2、薄切りにしたり、千切りにすると、生でも食べやすくなります。
茹でて食べる
ビーツの土っぽさがなくなり、甘味が増すのが、茹でて食べる方法です。食感は茹でたじゃがいもや、茹でた大根に似ています。
茹でたビーツは、ポテトサラダなど、じゃがいもと一緒に入れると、ピンク色のフォトジェニックなサラダになります。
1、葉や茎が残っている場合はカットします。
2、皮ごとビーツを鍋に入れ、ビーツがかぶるくらいの水と少々の酢(レモン汁でもOK)を入れます。
3、鍋にフタはせずに強火で加熱。沸騰したら火を弱め、水を足しながら煮ていきます。
4、ビーツに竹串がすんなり刺さるくらい柔らかくなればOK(目安は30~60分)です。

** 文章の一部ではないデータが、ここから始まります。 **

theorem min_dist_blockdiag:
  assumes "0 < K"
  shows "min_dist (sys_code blockdiag M) = (MIN t\<in>{..<K}. min_dist (sys_code (blocks t) n))"
proof -
  let ?W = "nonzero_weights blockdiag M" and ?d = "\<lambda>t. Min (nonzero_weights (blocks t) n)"
  have below: "\<exists>t<K. ?d t \<le> x" if x: "x \<in> ?W" for x
  proof -
    obtain u where u: "u \<in> carrier_vec M" "u \<noteq> 0\<^sub>v M" "x = hweight (sys_codeword blockdiag M u)"
      using x unfolding nonzero_weights_def by blast
    then obtain t where t: "t < K" "block t u \<noteq> 0\<^sub>v n"
      using eq_zero_if_blocks_zero by blast
    have "hweight (sys_codeword (blocks t) n (block t u)) \<in> nonzero_weights (blocks t) n"
      unfolding nonzero_weights_def using t(2) block_carrier by blast
    then have "?d t \<le> hweight (sys_codeword (blocks t) n (block t u))"
      by (rule Min_le[OF finite_nonzero_weights])
    also have "\<dots> \<le> x"
      unfolding u(3) hweight_blockdiag using t(1) by (intro member_le_sum) auto
    finally show ?thesis using t(1) by blast
  qed
  have attained: "?d t \<in> ?W" if t: "t < K" for t
  proof -
    have "?d t \<in> nonzero_weights (blocks t) n"
      using finite_nonzero_weights nonzero_weights_nonempty[OF n_pos] by (rule Min_in)
    then obtain w where w: "w \<in> carrier_vec n" "w \<noteq> 0\<^sub>v n" "?d t = hweight (sys_codeword (blocks t) n w)"
      unfolding nonzero_weights_def by blast
    have "hweight (sys_codeword blockdiag M (embed t w)) \<in> ?W"
      unfolding nonzero_weights_def using embed_carrier embed_nonzero[OF w(1,2) t] by blast
    then show ?thesis
      using hweight_embed[OF w(1) t] w(3) by simp
  qed
  have "Min ?W = (MIN t\<in>{..<K}. ?d t)"
  proof (rule antisym)
    have "(MIN t\<in>{..<K}. ?d t) \<in> ?d ` {..<K}"
      using assms by (intro Min_in) auto
    then obtain t where t: "t < K" "(MIN t\<in>{..<K}. ?d t) = ?d t"
      by auto
    show "Min ?W \<le> (MIN t\<in>{..<K}. ?d t)"
      unfolding t(2) using attained[OF t(1)] by (rule Min_le[OF finite_nonzero_weights])
    have "?W \<noteq> {}"
      using attained[OF assms] by blast
    then have "Min ?W \<in> ?W"
      by (rule Min_in[OF finite_nonzero_weights])
    then obtain t' where "t' < K" "?d t' \<le> Min ?W"
      using below by blast
    then show "(MIN t\<in>{..<K}. ?d t) \<le> Min ?W"
      by (meson Min_le finite_imageI finite_lessThan imageI lessThan_iff order_trans)
  qed
  then show ?thesis
    by (simp add: min_dist_sys_code)
qed
text \<open>Write \<open>n = \<lambda>d\<close>, so that \<open>v = 7d\<close> and \<open>J = 7\<int>\<^sub>v\<close>. Row \<open>i\<close> of the array is filled
  cyclically in columns \<open>i, i+1, i+2\<close> with \<open>1 + 7i\<close>, \<open>2 - 14i\<close>, \<open>7i - 3\<close>. Each entry has
  the shape \<open>c\<^sub>k + 7 m\<^sub>k i\<close> with \<open>(c\<^sub>k) = (1, 2, -3)\<close> and \<open>(m\<^sub>k) = (1, -2, 1)\<close>; since
  \<open>\<Sum> c\<^sub>k = \<Sum> m\<^sub>k = \<Sum> k m\<^sub>k = 0\<close>, every row and every column sums to \<open>0\<close> modulo \<open>7d\<close>
  (a column meets the rows \<open>j, j-1, j-2\<close>, and \<open>d\<close> divides \<open>n\<close>). The six values
  \<open>\<plusminus>c\<^sub>k\<close> are the six nonzero residues modulo \<open>7\<close>, and as \<open>m\<^sub>k\<close> is prime to the odd \<open>d\<close>,
  \<open>\<plusminus>(c\<^sub>k + 7 m\<^sub>k i)\<close> for \<open>i < \<lambda>d\<close> runs \<open>\<lambda>\<close> times through the residue class of \<open>\<plusminus>c\<^sub>k\<close>
  modulo \<open>7\<close> in \<open>\<int>\<^sub>7\<^sub>d\<close>.\<close>

lemma card_residue_class:
  fixes d lam r :: nat
  assumes "r < d"
  shows "card {i. i < lam * d \<and> i mod d = r} = lam"
proof -
  have "{i. i < lam * d \<and> i mod d = r} = (\<lambda>k. r + d * k) ` {..<lam}"
  proof (intro set_eqI iffI)
    fix i assume "i \<in> {i. i < lam * d \<and> i mod d = r}"
    then have "i = r + d * (i div d)" "i div d < lam"
      by (auto simp: less_mult_imp_div_less mult.commute)
    then show "i \<in> (\<lambda>k. r + d * k) ` {..<lam}" by blast
  next
    fix i assume "i \<in> (\<lambda>k. r + d * k) ` {..<lam}"
    then obtain k where "k < lam" "i = r + d * k" by blast
    moreover have "r + d * k < d * Suc k" using assms by simp
    moreover have "d * Suc k \<le> d * lam" using \<open>k < lam\<close> by (intro mult_le_mono2) simp
    ultimately show "i \<in> {i. i < lam * d \<and> i mod d = r}"
      using assms by (simp add: mult.commute)
  qed
  moreover have "inj_on (\<lambda>k. r + d * k) {..<lam}"
    using assms by (auto simp: inj_on_def)
  ultimately show ?thesis by (simp add: card_image)
qed

lemma card_affine_progression_mod:
  fixes d lam :: nat and q c m x :: int
  assumes "0 < q" "coprime m (int d)" "0 \<le> x" "x < q * int d"
  shows "card {i. i < lam * d \<and> (c + q * m * int i) mod (q * int d) = x} =
    (if x mod q = c mod q then lam else 0)"
proof (cases "x mod q = c mod q")
  case False
  have "(c + q * m * int i) mod (q * int d) \<noteq> x" for i
  proof
    assume "(c + q * m * int i) mod (q * int d) = x"
    then have "x mod q = (c + q * m * int i) mod (q * int d) mod q" by simp
    also have "\<dots> = c mod q" by (simp add: mod_mod_cancel mult.assoc)
    finally show False using False by simp
  qed
  then have "{i. i < lam * d \<and> (c + q * m * int i) mod (q * int d) = x} = {}" by blast
  then show ?thesis using False by (simp only: card.empty if_False)
next
  case True
  then have "q dvd x - c" by (simp add: mod_eq_dvd_iff)
  then obtain y where "x - c = q * y" by (rule dvdE)
  then have y: "x = c + q * y" by simp
  obtain u where u: "[m * u = 1] (mod int d)"
    using cong_solve_coprime_int[OF assms(2)] by blast
  have "d > 0" using assms by (auto intro: ccontr)
  define r where "r = nat ((u * y) mod int d)"
  have r: "r < d" "int r = (u * y) mod int d"
    using \<open>d > 0\<close> by (auto simp: r_def nat_less_iff)
  have "(c + q * m * int i) mod (q * int d) = x \<longleftrightarrow> i mod d = r" for i
  proof -
    have "(c + q * m * int i) mod (q * int d) = x \<longleftrightarrow> [c + q * m * int i = x] (mod q * int d)"
      using assms(3,4) by (simp add: cong_def)
    also have "\<dots> \<longleftrightarrow> [q * (m * int i) = q * y] (mod q * int d)"
      unfolding y by (simp only: cong_add_lcancel mult.assoc)
    also have "\<dots> \<longleftrightarrow> [m * int i = y] (mod int d)"
      using assms(1) by (simp add: cong_iff_dvd_diff flip: right_diff_distrib)
    also have "\<dots> \<longleftrightarrow> [m * int i = m * (u * y)] (mod int d)"
      using cong_scalar_right[OF u, of y] by (metis cong_sym cong_trans mult.assoc mult_1)
    also have "\<dots> \<longleftrightarrow> [int i = u * y] (mod int d)"
      using assms(2) by (rule cong_mult_lcancel)
    also have "\<dots> \<longleftrightarrow> i mod d = r"
      by (simp add: cong_def flip: of_nat_mod r(2))
    finally show ?thesis .
  qed
  then have "{i. i < lam * d \<and> (c + q * m * int i) mod (q * int d) = x} = {i. i < lam * d \<and> i mod d = r}"
    by blast
  then show ?thesis using True card_residue_class[OF r(1)] by simp
qed

lemma count_image_mset_set_times:
  assumes "finite A" "finite B"
  shows "count (image_mset g (mset_set (A \<times> B))) x = (\<Sum>b\<in>B. card {a \<in> A. g (a, b) = x})"
proof -
  have "count (image_mset g (mset_set (A \<times> B))) x = card {p \<in> A \<times> B. g p = x}"
    using assms by (simp add: count_image_mset Int_commute vimage_def Collect_conj_eq)
  also have "{p \<in> A \<times> B. g p = x} = (\<lambda>(b, a). (a, b)) ` (SIGMA b:B. {a \<in> A. g (a, b) = x})"
    by auto
  also have "card \<dots> = card (SIGMA b:B. {a \<in> A. g (a, b) = x})"
    by (rule card_image) (auto intro: inj_onI)
  also have "\<dots> = (\<Sum>b\<in>B. card {a \<in> A. g (a, b) = x})"
    using assms by simp
  finally show ?thesis .
qed

lemma mod_diff_eq_iff_cong:
  fixes a b c n :: nat
  assumes "b \<le> a" "c < n"
  shows "(a - b) mod n = c \<longleftrightarrow> [b + c = a] (mod n)"
proof -
  have "(a - b) mod n = c \<longleftrightarrow> [a - b = c] (mod n)"
    using assms(2) by (simp add: cong_def)
  also have "\<dots> \<longleftrightarrow> [a - b + b = c + b] (mod n)"
    by (simp only: cong_add_rcancel_nat)
  finally show ?thesis using assms(1) by (simp add: add.commute cong_sym_eq)
qed

lemma eq_mod_iff_cong:
  fixes a j n :: nat
  assumes "j < n"
  shows "j = a mod n \<longleftrightarrow> [a = j] (mod n)"
  using assms by (auto simp: cong_def)

lemma inj_on_add_mod: "inj_on (\<lambda>k. (i + k) mod n) {..<n::nat}"
proof (rule inj_onI)
  fix k k' assume "k \<in> {..<n}" "k' \<in> {..<n}" "(i + k) mod n = (i + k') mod n"
  moreover have "[k = k'] (mod n)"
    using cong_add_lcancel_nat[of i k k' n] \<open>(i + k) mod n = (i + k') mod n\<close>
    by (simp add: cong_def)
  ultimately show "k = k'" by (simp add: cong_def)
qed

definition band_array :: "nat \<Rightarrow> nat \<Rightarrow> (nat \<Rightarrow> nat \<Rightarrow> int) \<Rightarrow> nat \<Rightarrow> nat \<Rightarrow> int option" where
  "band_array n s f i j =
     (if i < n \<and> j < n \<and> (j + n - i) mod n < s then Some (f i ((j + n - i) mod n)) else None)"

lemma band_array_nonempty_bounds:
  "band_array n s f i j \<noteq> None \<Longrightarrow> i < n \<and> j < n"
  by (simp add: band_array_def split: if_splits)

context
  fixes n s :: nat and f :: "nat \<Rightarrow> nat \<Rightarrow> int"
  assumes s_le_n: "s \<le> n"
begin

lemma band_array_offset_iff:
  assumes "i < n" "j < n" "k < s"
  shows "(j + n - i) mod n = k \<longleftrightarrow> j = (i + k) mod n"
proof -
  have "(j + n - i) mod n = k \<longleftrightarrow> [i + k = j + n] (mod n)"
    using assms s_le_n by (simp add: mod_diff_eq_iff_cong)
  also have "\<dots> \<longleftrightarrow> [i + k = j] (mod n)"
    by (simp add: cong_def)
  also have "\<dots> \<longleftrightarrow> j = (i + k) mod n"
    using assms(2) by (simp add: eq_mod_iff_cong)
  finally show ?thesis .
qed

lemma band_array_row_index_iff:
  assumes "i < n" "j < n" "k < s"
  shows "j = (i + k) mod n \<longleftrightarrow> i = (j + n - k) mod n"
proof -
  have "j = (i + k) mod n \<longleftrightarrow> [k + i = j + n] (mod n)"
    using assms(2) by (simp add: eq_mod_iff_cong cong_def add.commute)
  also have "\<dots> \<longleftrightarrow> (j + n - k) mod n = i"
    using assms s_le_n by (simp add: mod_diff_eq_iff_cong)
  finally show ?thesis by auto
qed

lemma band_array_nonemptyE:
  assumes "band_array n s f i j \<noteq> None"
  obtains k where "i < n" "k < s" "j = (i + k) mod n"
proof -
  have "i < n" "j < n" "(j + n - i) mod n < s"
    using assms by (auto simp: band_array_def split: if_splits)
  then show thesis using that band_array_offset_iff by blast
qed

lemma band_array_at:
  assumes "i < n" "k < s"
  shows "band_array n s f i ((i + k) mod n) = Some (f i k)"
proof -
  have "((i + k) mod n + n - i) mod n = k"
    using assms s_le_n band_array_offset_iff[of i "(i + k) mod n" k] by simp
  then show ?thesis using assms s_le_n by (simp add: band_array_def)
qed

lemma band_array_row:
  assumes "i < n"
  shows "{j. j < n \<and> band_array n s f i j \<noteq> None} = (\<lambda>k. (i + k) mod n) ` {..<s}"
proof (intro set_eqI iffI)
  fix j assume "j \<in> {j. j < n \<and> band_array n s f i j \<noteq> None}"
  then have "band_array n s f i j \<noteq> None" by simp
  then obtain k where "k < s" "j = (i + k) mod n" by (rule band_array_nonemptyE)
  then show "j \<in> (\<lambda>k. (i + k) mod n) ` {..<s}" by blast
next
  fix j assume "j \<in> (\<lambda>k. (i + k) mod n) ` {..<s}"
  then obtain k where "k < s" "j = (i + k) mod n" by blast
  moreover have "j < n" using assms \<open>j = (i + k) mod n\<close> by simp
  ultimately show "j \<in> {j. j < n \<and> band_array n s f i j \<noteq> None}"
    using assms band_array_at by auto
qed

5、鍋から取り出し、軽く水で洗い皮をむいてお好みの大きさにカットしてください。
皮がスルッとむけたら火が通っていサインです。
オーブンで加熱して食べる
ビーツは、オーブンで焼くと、ホクホクとした食感が楽しめます。皮をむき、塩をちょっとふりかけて食べるのもおすすめです。
1、ビーツはよく洗い、茎や葉をカット。
2、2をアルミホイルで包みます。
3、180~200℃のオーブンで30~40分加熱。
4、柔らかくなればOK。皮をむいてお好みの大きさに切って食べます。
煮込み料理に使う場合
ビーツをボルシチなどの煮込み料理に使う場合は、皮をむき、食べやすい大きさに切ってから加熱します。
ビーツを使った超簡単レシピ
ビーツをオリーブで炒めただけの簡単ですぐできるレシピ紹介です。「あと1品欲しい!」ときや、肉や魚のメイン料理の添え物としておすすめ。シンプルでとても美味しい1品です。
【材料】
・ビーツ… 適量
・オリーブオイル… 適量
・塩… 適量
・ブラックペッパー… 適量
【作り方】
1、ビーツはよく洗い、皮をむき、薄くスライス、もしくは千切りにします。
2、フライパンにオリーブオイルと1を入れ、お好みの硬さまで炒めます。
3、仕上げに塩、ブラックペッパーで味を整え完成です。
スーパーフード「ビーツ」を食べよう
私たちの食生活では、まだ馴染みが浅いビーツですが、とても栄養価の高いスーパーフードです。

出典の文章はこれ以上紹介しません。